Litophyton arboreum, also known as broccoli coral, is a common soft coral (octocoral) found from the Red Sea to the Western Pacific. It grows up to 80 cm, usually on seaward reef slopes or hard bottoms. The color of L. arboreum varies from pale olive-green to yellow or grey. L. arboreum are anthozoans in the order Alcyonacea in the family Nephtheidae.  The L. arboreum was originally classified in 1775 by Peter Forsskål, a Swedish Linnaean naturalist.  As of 2016, the entire genus Litophyton was reclassified using phylogenetic data, in contrast to its original morphological classification.

== Ecology ==
L. arboreum is commonly found in the Red Sea. A 1997 reef transect study showed that octocorals, such as L. arboreum, compose under 20% of soft coral coverage on both reef flats, and the upper fore-reefs in the Gulf of Umm al-Rashrash, off the East coast of the Sinai Peninsula. Typically in Gulf of Umm al-Rashrash reefs, octocoral coverage is dominated by carpets of a few species. A possible explanation for this extensive, monospecific coverage is periods of rapid growth. L. arboreum is not typically one of these dominant octocorals, but can compose up to 36% of living soft coral coverage, as seen in the Gulf of Umm al-Rashrash Nature Reserve. In other Red Sea locations, L. arboreum composes as little as 3% of soft coral coverage, such as in the South and Center Muqebla regions.

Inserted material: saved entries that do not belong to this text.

lemma faces_cases:
  assumes "F \<in> faces n m rot"
  obtains a b where "F = range (fwd_walk a b)" | a b where "F = range (bwd_walk a b)"
proof -
  obtain d where d: "d \<in> darts n m" and F: "F = face rot d"
    using assms by (auto simp: faces_def)
  from d show ?thesis
  proof (cases rule: darts_cases)
    case (1 I J K)
    then obtain a b where "d = fwd_walk a b I" by (metis forward_dart_eq_fwd_walk)
    then show ?thesis using that(1) F by (simp add: face_fwd_walk)
  next
    case (2 I J K)
    then obtain a b where "d = bwd_walk a b I" by (metis backward_dart_eq_bwd_walk)
    then show ?thesis using that(2) F by (simp add: face_bwd_walk)
  qed
qed

lemma range_bwd_walk_in_faces: "range (bwd_walk a b) \<in> faces n m rot"
proof -
  have "bwd_walk a b 0 \<in> darts n m"
    using backward_dart[of 0 b "b - a"] by (simp add: walk_def algebra_simps)
  then show ?thesis
    unfolding faces_def by (rule image_eqI[rotated]) (simp add: face_bwd_walk)
qed

lemma card_faces: "F \<in> faces n m rot \<Longrightarrow> card F = n"
  by (erule faces_cases) (simp_all add: card_range_walk mod_compatible_fwd mod_compatible_linear)

lemma polytopal_rot: "polytopal n m rot"
  unfolding polytopal_def
proof (intro conjI ballI)
  fix F assume F: "F \<in> faces n m rot"
  then show "inj_on fst F"
    by (cases rule: faces_cases) (simp_all add: inj_on_fst_walk mod_compatible_fwd mod_compatible_linear)
  show "3 \<le> card F" using card_faces[OF F] n_ge_6 by simp
next
  fix d assume "d \<in> darts n m"
  moreover have "rev_dart d \<in> face rot (rev_dart d)"
    unfolding face_def by (auto intro: exI[of _ 0])
  ultimately show "face rot d \<noteq> face rot (rev_dart d)"
  proof (cases rule: darts_cases)
    case (1 I J K)
    then obtain a b where "d = fwd_walk a b I" by (metis forward_dart_eq_fwd_walk)
    then show ?thesis
      using rev_walk_notin_range[of 1 "\<lambda>I. I div 2 + a * I + b" I] \<open>rev_dart d \<in> _\<close>
      by (auto simp: face_fwd_walk)
  next
    case (2 I J K)
    then obtain a b where "d = bwd_walk a b I" by (metis backward_dart_eq_bwd_walk)
    then show ?thesis
      using rev_walk_notin_range[of "- 1" "\<lambda>I. a * I + b" I] \<open>rev_dart d \<in> _\<close>
      by (auto simp: face_bwd_walk)
  qed
qed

As observed in other species of corals, space for settlement on the reef is one of the most important limiting factors for new colonies of L. arboreum. Similarly, physical factors—such as wave action, temperature variation, salinity and light– and biological factors– such as competition, predation, and disease– limit the success and prevalence of L. arboreum. Specifically, predation and competition for space may disrupt continuous community development for some species of Red Sea soft corals, resulting in patchy, discontinuous, communities spread across the reef. However, the coexistence of stony corals, soft corals, and algae in the Gulf of Umm al-Rashrash suggests that no one component has a distinct competitive dominance on the reef; instead, spatial variation results in different species exhibiting competitive dominance in different locations based on their unique ecological niches. At present, the intra- and interspecific competitive hierarchy of L. arboreum is unknown.

In other Red Sea locations, such as the Gulf of Aqaba off the Jordanian coast, L. arboreum is found in well developed reefs.  The Aqaba reefs are unique to other coastal reefs due to their lack of spur and groove patterns on the fore-reef. Spur and groove formations are most likely absent due to the relatively calm waters of the Gulf of Aqaba; the lack of major wind and wave action eliminates the force required. The Gulf of Aqaba reefs are biogenic in origin, like the majority of reefs globally, and well developed on capes. The developed capes are distinct, and separated by sandy embayments that correspond to past dried river beds. As in other coastal reefs, the Aqaba reefs are fringed by shallow bays containing beds of seagrass, which lead into the reefs. The reefs themselves have wide, built, coral formations abundant at a depth of 20m, and reef flats most abundant at 60m. The spatial distribution of the corals present in the Aqaba community suggest ecological succession– driven primarily by geologic and ecological forces– is responsible for the topography of the reef. The existing Aqaba reefs are highly diverse, though future reef expansion is limited by steep shelf inclines, and any major expansion is highly unlikely given the benthic topography of the existing reefs.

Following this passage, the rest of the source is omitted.